Becoming a more robust organisation
2014-15 was a year of organisational change as Rachel Mustafa, Damian Shannon and Caroline Dyer left the organisation, David Wilkins retired but continued as a Men’s Health Forum Associate, and we were joined by Clare Greenhalgh as Business and Services Support Officer and Tracy Herd as Head of Programmes. Previously Tracy had done tremendous work on men’s health as the Healthier Communities Programmes Manager at the Royal Borough of Greenwich.
Amongst Trustees, Lily Abedipour stood down at the end of 2014, and Shaun Davis, Group Director of Safety, Health, Wellbeing & Sustainability at Royal Mail joined us in her place.

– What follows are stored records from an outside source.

lemma charq_preds_R_last: "1 \<le> q \<Longrightarrow> preds (charq_edges q) (R (q + 3)) = N ` {1..q + 2}"
  by (auto simp: preds_def charq_edge_into_R_iff)

lemma charq_preds_M_last_split:
  assumes "2 \<le> q" "1 \<le> t" "t \<le> q + 2"
  shows "preds (charq_edges q) (M (q + 3)) = insert (demanded q t) (preds (charq_edges q) (M t) \<union> side_info q t)"
    and "demanded q t \<notin> preds (charq_edges q) (M t) \<union> side_info q t"
    and "preds (charq_edges q) (M t) \<inter> side_info q t = {}"
  using assms by (auto simp: preds_def side_info_def demanded_def charq_edge_into_M_iff
      charq_edge_into_R_iff charq_sources_iff)

lemma e_vector_single_message: "e_vector q C ((\<lambda>v. if v = w then a else 0)) i = global_coeff q C i w *v a"
proof -
  have "e_vector q C ((\<lambda>v. if v = w then a else 0)) i
      = (\<Sum>v\<in>preds (charq_edges q) (M i). if v = w then global_coeff q C i w *v a else 0)"
    unfolding e_vector_def by (rule sum.cong) auto
  then show ?thesis
    using finite_charq_preds by (simp add: preds_def global_coeff_def)
qed

lemma charq_flow_edge_vectors:
  "edge_vectors (charq_edges q) (charq_sources q) C x (charq_flow q C x)"
  by (simp add: edge_vectors_charq_iff)

definition decoding_coeff :: "('a::field, 'd::finite, node) vlnc \<Rightarrow> nat \<Rightarrow> node \<Rightarrow> nat \<Rightarrow> 'a^'d^'d" where
  "decoding_coeff C t v i = decC C (R t) v (N i, R t) ** intC C (M i, N i) (N i, R t)"

lemma solution_decodes_at_R:
  fixes C :: "('a::field, 'd::finite, node) vlnc"
  assumes sol: "is_vlnc_solution (charq_edges q) (charq_sources q) (charq_terminals q) (charq_demands q) C"
    and t: "1 \<le> t" "t \<le> q + 2" and w: "w \<notin> side_info q t"
  shows "decoding_coeff C t (demanded q t) t ** global_coeff q C t w
       + decoding_coeff C t (demanded q t) (q + 3) ** global_coeff q C (q + 3) w
       = (if w = demanded q t then mat 1 else 0)"
proof (rule matrix_eq[THEN iffD2], rule allI)
  fix a :: "'a^'d"
  let ?x = "(\<lambda>v. if v = w then a else 0)"
  have "R t \<in> charq_terminals q" "demanded q t \<in> charq_demands q (R t)"
    using t by (auto simp: charq_terminals_def charq_demands_R)
  then have "?x (demanded q t)
      = (\<Sum>e\<in>in_edges (charq_edges q) (R t). decC C (R t) (demanded q t) e *v charq_flow q C ?x e)"
    by (rule sol[unfolded is_vlnc_solution_def, rule_format, OF charq_flow_edge_vectors, symmetric])
  also have "\<dots> = (\<Sum>i\<in>{t, q + 3}. decoding_coeff C t (demanded q t) i *v e_vector q C ?x i)
      + (\<Sum>u\<in>side_info q t. (decC C (R t) (demanded q t) (u, R t) ** srcC C (u, R t)) *v ?x u)"
    by (subst decoding_sum_at_R[OF charq_flow_edge_vectors charq_preds_R[OF t]])
      (simp_all add: finite_side_info decoding_coeff_def, auto simp: side_info_def)
  also have "(\<Sum>u\<in>side_info q t. (decC C (R t) (demanded q t) (u, R t) ** srcC C (u, R t)) *v ?x u) = 0"
    using w by (intro sum.neutral) auto
  finally show "(decoding_coeff C t (demanded q t) t ** global_coeff q C t w
       + decoding_coeff C t (demanded q t) (q + 3) ** global_coeff q C (q + 3) w) *v a
       = (if w = demanded q t then mat 1 else 0) *v a"
    using t by (cases "w = demanded q t")
      (simp_all add: e_vector_single_message matrix_vector_mul_assoc matrix_vector_mult_add_rdistrib)
qed

lemma solution_decodes_at_R_last:
  fixes C :: "('a::field, 'd::finite, node) vlnc"
  assumes sol: "is_vlnc_solution (charq_edges q) (charq_sources q) (charq_terminals q) (charq_demands q) C"
    and q: "1 \<le> q"
  shows "(\<Sum>i\<in>{1..q + 2}. decoding_coeff C (q + 3) (X 1) i ** global_coeff q C i w)
       = (if w = X 1 then mat 1 else 0)"
proof (rule matrix_eq[THEN iffD2], rule allI)
  fix a :: "'a^'d"
  let ?x = "(\<lambda>v. if v = w then a else 0)"
  have "R (q + 3) \<in> charq_terminals q" "X 1 \<in> charq_demands q (R (q + 3))"
    by (auto simp: charq_terminals_def charq_demands_def)
  then have "?x (X 1)
      = (\<Sum>e\<in>in_edges (charq_edges q) (R (q + 3)). decC C (R (q + 3)) (X 1) e *v charq_flow q C ?x e)"
    by (rule sol[unfolded is_vlnc_solution_def, rule_format, OF charq_flow_edge_vectors, symmetric])
  also have "\<dots> = (\<Sum>i\<in>{1..q + 2}. decoding_coeff C (q + 3) (X 1) i *v e_vector q C ?x i)"
    by (subst decoding_sum_at_R[OF charq_flow_edge_vectors trans[OF charq_preds_R_last[OF q] Un_empty_right[symmetric]]])
      (simp_all add: decoding_coeff_def)
  finally show "(\<Sum>i\<in>{1..q + 2}. decoding_coeff C (q + 3) (X 1) i ** global_coeff q C i w) *v a
       = (if w = X 1 then mat 1 else 0) *v a"
    by (cases "w = X 1")
      (simp_all add: e_vector_single_message matrix_vector_mul_assoc matrix_vector_sum_mult del: sum.cl_ivl_Suc)
qed

lemma solution_global_coeff_S_vanishes:
  fixes C :: "('a::field, 'd::finite, node) vlnc"
  assumes sol: "is_vlnc_solution (charq_edges q) (charq_sources q) (charq_terminals q) (charq_demands q) C"
    and q: "2 \<le> q" and char: "of_nat q \<noteq> (0::'a)"
  shows "global_coeff q C 1 S = 0"
proof -
  let ?I = "{2..q + 2}"
  define G where "G t = decoding_coeff C t (X t) t" for t
  define H where "H t = decoding_coeff C t (X t) (q + 3)" for t
  define D where "D i = decoding_coeff C (q + 3) (X 1) i" for i
  have at_R: "G t ** global_coeff q C t w + H t ** global_coeff q C (q + 3) w = (if w = X t then mat 1 else 0)"
    if "t \<in> ?I" "w \<notin> side_info q t" for t w
    using solution_decodes_at_R[OF sol, of t w] that by (simp add: G_def H_def demanded_def)
  have at_R_last: "(\<Sum>i\<in>insert 1 ?I. D i ** global_coeff q C i w) = (if w = X 1 then mat 1 else 0)" for w
  proof -
    have "insert 1 ?I = {1..q + 2}"
      by auto
    then show ?thesis
      unfolding D_def using solution_decodes_at_R_last[OF sol] q by simp
  qed
  have X_not_side: "X j \<notin> side_info q t" if "j \<in> ?I" "t \<in> ?I" for j t
    using that by (auto simp: side_info_def charq_edge_into_R_iff)
  have no_edge: "global_coeff q C t w = 0" if "t \<in> ?I" "w = X t \<or> w \<in> side_info q t" for t w
    using charq_preds_M_last_split(2,3)[OF q, of t] that
    by (auto simp: global_coeff_def preds_def demanded_def)
  have annihilate: "D t ** global_coeff q C t w = 0" if t: "t \<in> ?I" for t w
  proof (cases "w = X t \<or> w \<in> side_info q t")
    case True
    then show ?thesis
      using no_edge t by simp
  next
    case False
    show ?thesis
    proof (rule decoding_constraints_force_annihilation[where I = ?I and G = G and H = H and D = D
          and W = "\<lambda>j. global_coeff q C (q + 3) (X j)" and P = "\<lambda>i j. global_coeff q C i (X j)"])
      show "of_nat (card ?I - 1) \<noteq> (0::'a)"
        using char by simp
      show "H j ** global_coeff q C (q + 3) (X j) = mat 1" if "j \<in> ?I" for j
        using at_R[OF that X_not_side[OF that that]] no_edge[OF that] by simp
      show "G j ** global_coeff q C j (X i) + H j ** global_coeff q C (q + 3) (X i) = 0"
        if "j \<in> ?I" "i \<in> ?I - {j}" for i j
        using at_R[OF that(1) X_not_side] that by auto
      show "(\<Sum>i\<in>?I - {j}. D i ** global_coeff q C i (X j)) = 0" if j: "j \<in> ?I" for j
      proof -
        have "global_coeff q C 1 (X j) = 0"
          using j by (simp add: global_coeff_def charq_edge_into_M_iff)
        then have "(\<Sum>i\<in>?I. D i ** global_coeff q C i (X j)) = 0"
          using at_R_last[of "X j"] j by (simp del: sum.cl_ivl_Suc)
        moreover have "global_coeff q C j (X j) = 0"
          using no_edge[OF j] by simp
        ultimately show ?thesis
          using sum.remove[of ?I j "\<lambda>i. D i ** global_coeff q C i (X j)"] j by (simp del: sum.cl_ivl_Suc)
      qed
      show "G t ** global_coeff q C t w + H t ** global_coeff q C (q + 3) w = 0"
        using at_R[OF t] False by simp
    qed (use t in simp_all)
  qed
  have "(\<Sum>i\<in>?I. D i ** global_coeff q C i w) = 0" for w
    by (simp add: annihilate)
  then have "D 1 ** global_coeff q C 1 w = (if w = X 1 then mat 1 else 0)" for w
    using at_R_last[of w] by simp
  from this[of S] this[of "X 1"] have "D 1 ** global_coeff q C 1 S = 0" "global_coeff q C 1 (X 1) ** D 1 = mat 1"
    using matrix_left_right_inverse by auto
  then show ?thesis
    by (metis matrix_mul_assoc matrix_mul_lid times0_right)
qed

The associate model is a new initiative for the Men’s Health Forum and we’ve been delighted to work with our former chief executive, Peter Baker, as one of our new associates.
2014-15 was also a year of improving our systems as we conducted a thorough review of our risk register and put in place action plans to address our highest risks.
The Challenge Remaining
Despite all our work and our strengthening impact, men’s health in England and Wales still remains a major challenge:
- On average, more than one in five men is still dying between the ages 16 and 65, and more than two in five before the age of 75 – with death rates amongst men in the poorest areas of the country being even worse.
- Men are still more likely to die of circulatory disease and cancer.
- Middle-aged men are twice as likely to have diabetes as women – and twice as likely not to know they have diabetes.
- Three in four suicides are by men – suicide is the biggest cause of death for men under 35 and there has been a sharp increase in the rate among men aged 35-64.
- When it comes to lifestyle, men are more likely than women to:
- smoke, smoke more cigarettes per day and smoke hand-rolled tobacco
- eat too much salt
- eat too much red and processed meat
- eat too little fruit and too few vegetables
- drink alcohol and drink at hazardous levels.
- Health services are still not effectively engaging with men. Men remain less likely to:
- attend a general practitioner
- attend a NHS Health Check
- opt for bowel cancer screening
- visit a pharmacy
- take a Chlamydia test
- have a dental check-up.
So there is plenty to do. The MHF ends 2014/15 well-placed to continue doing what is needed to meet men’s needs and drive policy and practice – to make a real difference in 2015/16 and beyond.